> Assignment:
Verbatim output of the full listing is required.

<<<<

lemma upd_model_C_fully_observant:
  assumes "is_kripke M" "fresh_bij M c" "u \<in> worlds M" "sat M u (exec D a)"
  shows "sat (upd_model D a \<phi> M s c) (c u)
           (C (FD D a M s) (if fsat (interp M u) \<phi> then Fl \<phi> else BNot (Fl \<phi>)))"
proof (rule sat_C_if_closed)
  let ?S = "c ` {v \<in> worlds M. sat M v (exec D a) \<and> (fsat (interp M v) \<phi> \<longleftrightarrow> fsat (interp M u) \<phi>)}"
  show "c u \<in> ?S" using assms(3,4) by blast
  show "\<forall>w\<in>?S. sat (upd_model D a \<phi> M s c) w (if fsat (interp M u) \<phi> then Fl \<phi> else BNot (Fl \<phi>))"
    by (auto simp: upd_model_interp_new[OF assms(2)])
  show "w \<in> ?S" if "i \<in> FD D a M s" "w' \<in> ?S" "(w', w) \<in> rel (upd_model D a \<phi> M s c) i"
    for i w' w
    using that upd_model_rel_new_fully_observant[OF assms(1,2)] by fastforce
qed

lemma upd_model_C_partially_observant:
  assumes "is_kripke M" "fresh_bij M c" "u \<in> worlds M" "sat M u (exec D a)"
  shows "sat (upd_model D a \<phi> M s c) (c u)
           (C (PD D a M s) (BOr (C (FD D a M s) (Fl \<phi>)) (C (FD D a M s) (BNot (Fl \<phi>)))))"
proof (rule sat_C_if_closed)
  let ?S = "c ` {v \<in> worlds M. sat M v (exec D a)}"
  show "c u \<in> ?S" using assms(3,4) by blast
  show "\<forall>w\<in>?S. sat (upd_model D a \<phi> M s c) w (BOr (C (FD D a M s) (Fl \<phi>)) (C (FD D a M s) (BNot (Fl \<phi>))))"
  proof
    fix w assume "w \<in> ?S"
    then obtain v where v: "v \<in> worlds M" "sat M v (exec D a)" and w: "w = c v" by blast
    show "sat (upd_model D a \<phi> M s c) w (BOr (C (FD D a M s) (Fl \<phi>)) (C (FD D a M s) (BNot (Fl \<phi>))))"
      using upd_model_C_fully_observant[OF assms(1,2) v, where \<phi> = \<phi> and s = s]
      by (simp del: sat.simps(7) add: w split: if_splits)
  qed
  show "w \<in> ?S" if "i \<in> PD D a M s" "w' \<in> ?S" "(w', w) \<in> rel (upd_model D a \<phi> M s c) i"
    for i w' w
    using that upd_model_rel_new_partially_observant[OF assms(1,2)] by fastforce
qed

lemma Phi_announcement:
  assumes "announces D a = Some \<phi>" "executable D a M s" "Phi D a M s c = {(M', s')}"
  shows "M' = upd_model D a \<phi> M s c" "s' = c s"
  using assms unfolding Phi_def by auto

theorem proposition4:
  fixes D :: "('ag::finite, 'f, 'act) domain"
    and M M' :: "('ag, 'f, 'w) kripke"
    and s s' :: 'w and a :: 'act and \<phi> :: "'f fform" and c :: "'w \<Rightarrow> 'w"
  assumes "consistent_domain D"
    and "is_kripke M" and "s \<in> worlds M"
    and "announces D a = Some \<phi>"
    and "consistency_preserving D a \<phi> M s"
    and "executable D a M s"
    and "sat M s (Fl \<phi>)"
    and "fresh_bij M c"
    and "Phi D a M s c = {(M', s')}"
  shows "sat M' s' (C (FD D a M s) (Fl \<phi>)) \<and>
         sat M' s' (C (PD D a M s) (BOr (C (FD D a M s) (Fl \<phi>)) (C (FD D a M s) (BNot (Fl \<phi>))))) \<and>
         (\<forall>i\<in>OD D a M s. \<forall>\<psi>. sat M' s' (B i \<psi>) \<longleftrightarrow> sat M s (B i \<psi>))"
proof (intro conjI ballI allI)
  have exec: "sat M s (exec D a)" using assms(6) unfolding executable_def .
  note M' = Phi_announcement[OF assms(4,6,9)]
  show "sat M' s' (C (FD D a M s) (Fl \<phi>))"
    using upd_model_C_fully_observant[OF assms(2,8,3) exec, where \<phi> = \<phi> and s = s] assms(7) by (simp add: M')
  show "sat M' s' (C (PD D a M s) (BOr (C (FD D a M s) (Fl \<phi>)) (C (FD D a M s) (BNot (Fl \<phi>)))))"
    using upd_model_C_partially_observant[OF assms(2,8,3) exec] by (simp add: M')
  fix i \<psi> assume "i \<in> OD D a M s"
  have "(s, v) \<in> rel M i \<Longrightarrow> v \<in> worlds M" for v
    using assms(2) unfolding is_kripke_def by blast
  then show "sat M' s' (B i \<psi>) \<longleftrightarrow> sat M s (B i \<psi>)"
    by (simp add: M' upd_model_rel_new_oblivious[OF assms(2,8,3) \<open>i \<in> OD D a M s\<close> exec]
        sat_upd_model_old[OF assms(2,8)])
qed

end
theorem lemma2p16:
  fixes Y :: "(int \<Rightarrow> 'a::finite) set"
    and d :: "(int \<Rightarrow> 'a fedge) \<Rightarrow> (int \<Rightarrow> 'a fedge) \<Rightarrow> real"
    and x :: "int \<Rightarrow> 'a fedge"
    and N :: int
  assumes "sofic Y"
    and "Metric_space (fc_shift Y) d"
    and "Metric_space.mtopology (fc_shift Y) d = subtopology edge_prod_topology (fc_shift Y)"
    and "x \<in> fc_shift Y"
  shows "\<exists>p x'. p \<in> Y \<and> periodic_pt p \<and> x' \<in> fc_shift Y \<and> (\<forall>i\<ge>N. x' i = x i) \<and>
           ((\<lambda>i. d (shiftz i x') (shiftz i (alpha Y p))) \<longlongrightarrow> 0) at_bot \<and>
           x' \<in> regular_rays Y"
proof -
  obtain E :: "nat set" and src tgt :: "nat \<Rightarrow> nat" and lab :: "nat \<Rightarrow> 'a" where
    "finite E" and "Y = {(\<lambda>i. lab (p i)) | p. \<forall>i. p i \<in> E \<and> tgt (p i) = src (p (i + 1))}"
    using assms(1) unfolding sofic_def by blast
  then interpret sofic_graph E src tgt lab Y
    by unfold_locales
  obtain p P a x' where "p \<in> Y" and "P > 0" and period: "shiftz P p = p" and "x' \<in> fc_shift Y"
    and x'_x: "\<forall>i\<ge>N. x' i = x i" and agree: "\<forall>j<a. x' j = alpha Y p j"
    by (rule exists_ray_left_asymptotic_to_periodic[OF assms(4), where N = N])
  have "p (k + P) = p k" for k
    using fun_cong[OF period, of k] by (simp add: shiftz_def)
  with \<open>P > 0\<close> have "periodic_pt p"
    unfolding periodic_pt_def by blast
  moreover have "shiftz P (alpha Y p) = alpha Y p"
    using period by (simp flip: alpha_shiftz)
  then have "((\<lambda>i. d (shiftz i x') (shiftz i (alpha Y p))) \<longlongrightarrow> 0) at_bot"
    using tendsto_dist_shiftz_periodic[OF assms(2,3)] fc_shift_shiftz alpha_in_fc_shift[OF \<open>p \<in> Y\<close>]
      \<open>P > 0\<close> \<open>x' \<in> fc_shift Y\<close> agree by blast
  moreover have "x' \<in> regular_rays Y"
    using \<open>p \<in> Y\<close> \<open>x' \<in> fc_shift Y\<close> agree[rule_format] by (rule left_asymptotic_alpha_imp_regular)
  ultimately show ?thesis
    using \<open>p \<in> Y\<close> \<open>x' \<in> fc_shift Y\<close> x'_x by blast
qed

end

>>>>

> Response:
lemma upd_model_C_fully_observant:
  assumes "is_kripke M" "fresh_bij M c" "u \<in> worlds M" "sat M u (exec D a)"
  shows "sat (upd_model D a \<phi> M s c) (c u)
           (C (FD D a M s) (if fsat (interp M u) \<phi> then Fl \<phi> else BNot (Fl \<phi>)))"
proof (rule sat_C_if_closed)
  let ?S = "c ` {v \<in> worlds M. sat M v (exec D a) \<and> (fsat (interp M v) \<phi> \<longleftrightarrow> fsat (interp M u) \<phi>)}"
  show "c u \<in> ?S" using assms(3,4) by blast
  show "\<forall>w\<in>?S. sat (upd_model D a \<phi> M s c) w (if fsat (interp M u) \<phi> then Fl \<phi> else BNot (Fl \<phi>))"
    by (auto simp: upd_model_interp_new[OF assms(2)])
  show "w \<in> ?S" if "i \<in> FD D a M s" "w' \<in> ?S" "(w', w) \<in> rel (upd_model D a \<phi> M s c) i"
    for i w' w
    using that upd_model_rel_new_fully_observant[OF assms(1,2)] by fastforce
qed

lemma upd_model_C_partially_observant:
  assumes "is_kripke M" "fresh_bij M c" "u \<in> worlds M" "sat M u (exec D a)"
  shows "sat (upd_model D a \<phi> M s c) (c u)
           (C (PD D a M s) (BOr (C (FD D a M s) (Fl \<phi>)) (C (FD D a M s) (BNot (Fl \<phi>)))))"
proof (rule sat_C_if_closed)
  let ?S = "c ` {v \<in> worlds M. sat M v (exec D a)}"
  show "c u \<in> ?S" using assms(3,4) by blast
  show "\<forall>w\<in>?S. sat (upd_model D a \<phi> M s c) w (BOr (C (FD D a M s) (Fl \<phi>)) (C (FD D a M s) (BNot (Fl \<phi>))))"
  proof
    fix w assume "w \<in> ?S"
    then obtain v where v: "v \<in> worlds M" "sat M v (exec D a)" and w: "w = c v" by blast
    show "sat (upd_model D a \<phi> M s c) w (BOr (C (FD D a M s) (Fl \<phi>)) (C (FD D a M s) (BNot (Fl \<phi>))))"
      using upd_model_C_fully_observant[OF assms(1,2) v, where \<phi> = \<phi> and s = s]
      by (simp del: sat.simps(7) add: w split: if_splits)
  qed
  show "w \<in> ?S" if "i \<in> PD D a M s" "w' \<in> ?S" "(w', w) \<in> rel (upd_model D a \<phi> M s c) i"
    for i w' w
    using that upd_model_rel_new_partially_observant[OF assms(1,2)] by fastforce
qed

lemma Phi_announcement:
  assumes "announces D a = Some \<phi>" "executable D a M s" "Phi D a M s c = {(M', s')}"
  shows "M' = upd_model D a \<phi> M s c" "s' = c s"
  using assms unfolding Phi_def by auto

theorem proposition4:
  fixes D :: "('ag::finite, 'f, 'act) domain"
    and M M' :: "('ag, 'f, 'w) kripke"
    and s s' :: 'w and a :: 'act and \<phi> :: "'f fform" and c :: "'w \<Rightarrow> 'w"
  assumes "consistent_domain D"
    and "is_kripke M" and "s \<in> worlds M"
    and "announces D a = Some \<phi>"
    and "consistency_preserving D a \<phi> M s"
    and "executable D a M s"
    and "sat M s (Fl \<phi>)"
    and "fresh_bij M c"
    and "Phi D a M s c = {(M', s')}"
  shows "sat M' s' (C (FD D a M s) (Fl \<phi>)) \<and>
         sat M' s' (C (PD D a M s) (BOr (C (FD D a M s) (Fl \<phi>)) (C (FD D a M s) (BNot (Fl \<phi>))))) \<and>
         (\<forall>i\<in>OD D a M s. \<forall>\<psi>. sat M' s' (B i \<psi>) \<longleftrightarrow> sat M s (B i \<psi>))"
proof (intro conjI ballI allI)
  have exec: "sat M s (exec D a)" using assms(6) unfolding executable_def .
  note M' = Phi_announcement[OF assms(4,6,9)]
  show "sat M' s' (C (FD D a M s) (Fl \<phi>))"
    using upd_model_C_fully_observant[OF assms(2,8,3) exec, where \<phi> = \<phi> and s = s] assms(7) by (simp add: M')
  show "sat M' s' (C (PD D a M s) (BOr (C (FD D a M s) (Fl \<phi>)) (C (FD D a M s) (BNot (Fl \<phi>)))))"
    using upd_model_C_partially_observant[OF assms(2,8,3) exec] by (simp add: M')
  fix i \<psi> assume "i \<in> OD D a M s"
  have "(s, v) \<in> rel M i \<Longrightarrow> v \<in> worlds M" for v
    using assms(2) unfolding is_kripke_def by blast
  then show "sat M' s' (B i \<psi>) \<longleftrightarrow> sat M s (B i \<psi>)"
    by (simp add: M' upd_model_rel_new_oblivious[OF assms(2,8,3) \<open>i \<in> OD D a M s\<close> exec]
        sat_upd_model_old[OF assms(2,8)])
qed

end
theorem lemma2p16:
  fixes Y :: "(int \<Rightarrow> 'a::finite) set"
    and d :: "(int \<Rightarrow> 'a fedge) \<Rightarrow> (int \<Rightarrow> 'a fedge) \<Rightarrow> real"
    and x :: "int \<Rightarrow> 'a fedge"
    and N :: int
  assumes "sofic Y"
    and "Metric_space (fc_shift Y) d"
    and "Metric_space.mtopology (fc_shift Y) d = subtopology edge_prod_topology (fc_shift Y)"
    and "x \<in> fc_shift Y"
  shows "\<exists>p x'. p \<in> Y \<and> periodic_pt p \<and> x' \<in> fc_shift Y \<and> (\<forall>i\<ge>N. x' i = x i) \<and>
           ((\<lambda>i. d (shiftz i x') (shiftz i (alpha Y p))) \<longlongrightarrow> 0) at_bot \<and>
           x' \<in> regular_rays Y"
proof -
  obtain E :: "nat set" and src tgt :: "nat \<Rightarrow> nat" and lab :: "nat \<Rightarrow> 'a" where
    "finite E" and "Y = {(\<lambda>i. lab (p i)) | p. \<forall>i. p i \<in> E \<and> tgt (p i) = src (p (i + 1))}"
    using assms(1) unfolding sofic_def by blast
  then interpret sofic_graph E src tgt lab Y
    by unfold_locales
  obtain p P a x' where "p \<in> Y" and "P > 0" and period: "shiftz P p = p" and "x' \<in> fc_shift Y"
    and x'_x: "\<forall>i\<ge>N. x' i = x i" and agree: "\<forall>j<a. x' j = alpha Y p j"
    by (rule exists_ray_left_asymptotic_to_periodic[OF assms(4), where N = N])
  have "p (k + P) = p k" for k
    using fun_cong[OF period, of k] by (simp add: shiftz_def)
  with \<open>P > 0\<close> have "periodic_pt p"
    unfolding periodic_pt_def by blast
  moreover have "shiftz P (alpha Y p) = alpha Y p"
    using period by (simp flip: alpha_shiftz)
  then have "((\<lambda>i. d (shiftz i x') (shiftz i (alpha Y p))) \<longlongrightarrow> 0) at_bot"
    using tendsto_dist_shiftz_periodic[OF assms(2,3)] fc_shift_shiftz alpha_in_fc_shift[OF \<open>p \<in> Y\<close>]
      \<open>P > 0\<close> \<open>x' \<in> fc_shift Y\<close> agree by blast
  moreover have "x' \<in> regular_rays Y"
    using \<open>p \<in> Y\<close> \<open>x' \<in> fc_shift Y\<close> agree[rule_format] by (rule left_asymptotic_alpha_imp_regular)
  ultimately show ?thesis
    using \<open>p \<in> Y\<close> \<open>x' \<in> fc_shift Y\<close> x'_x by blast
qed

end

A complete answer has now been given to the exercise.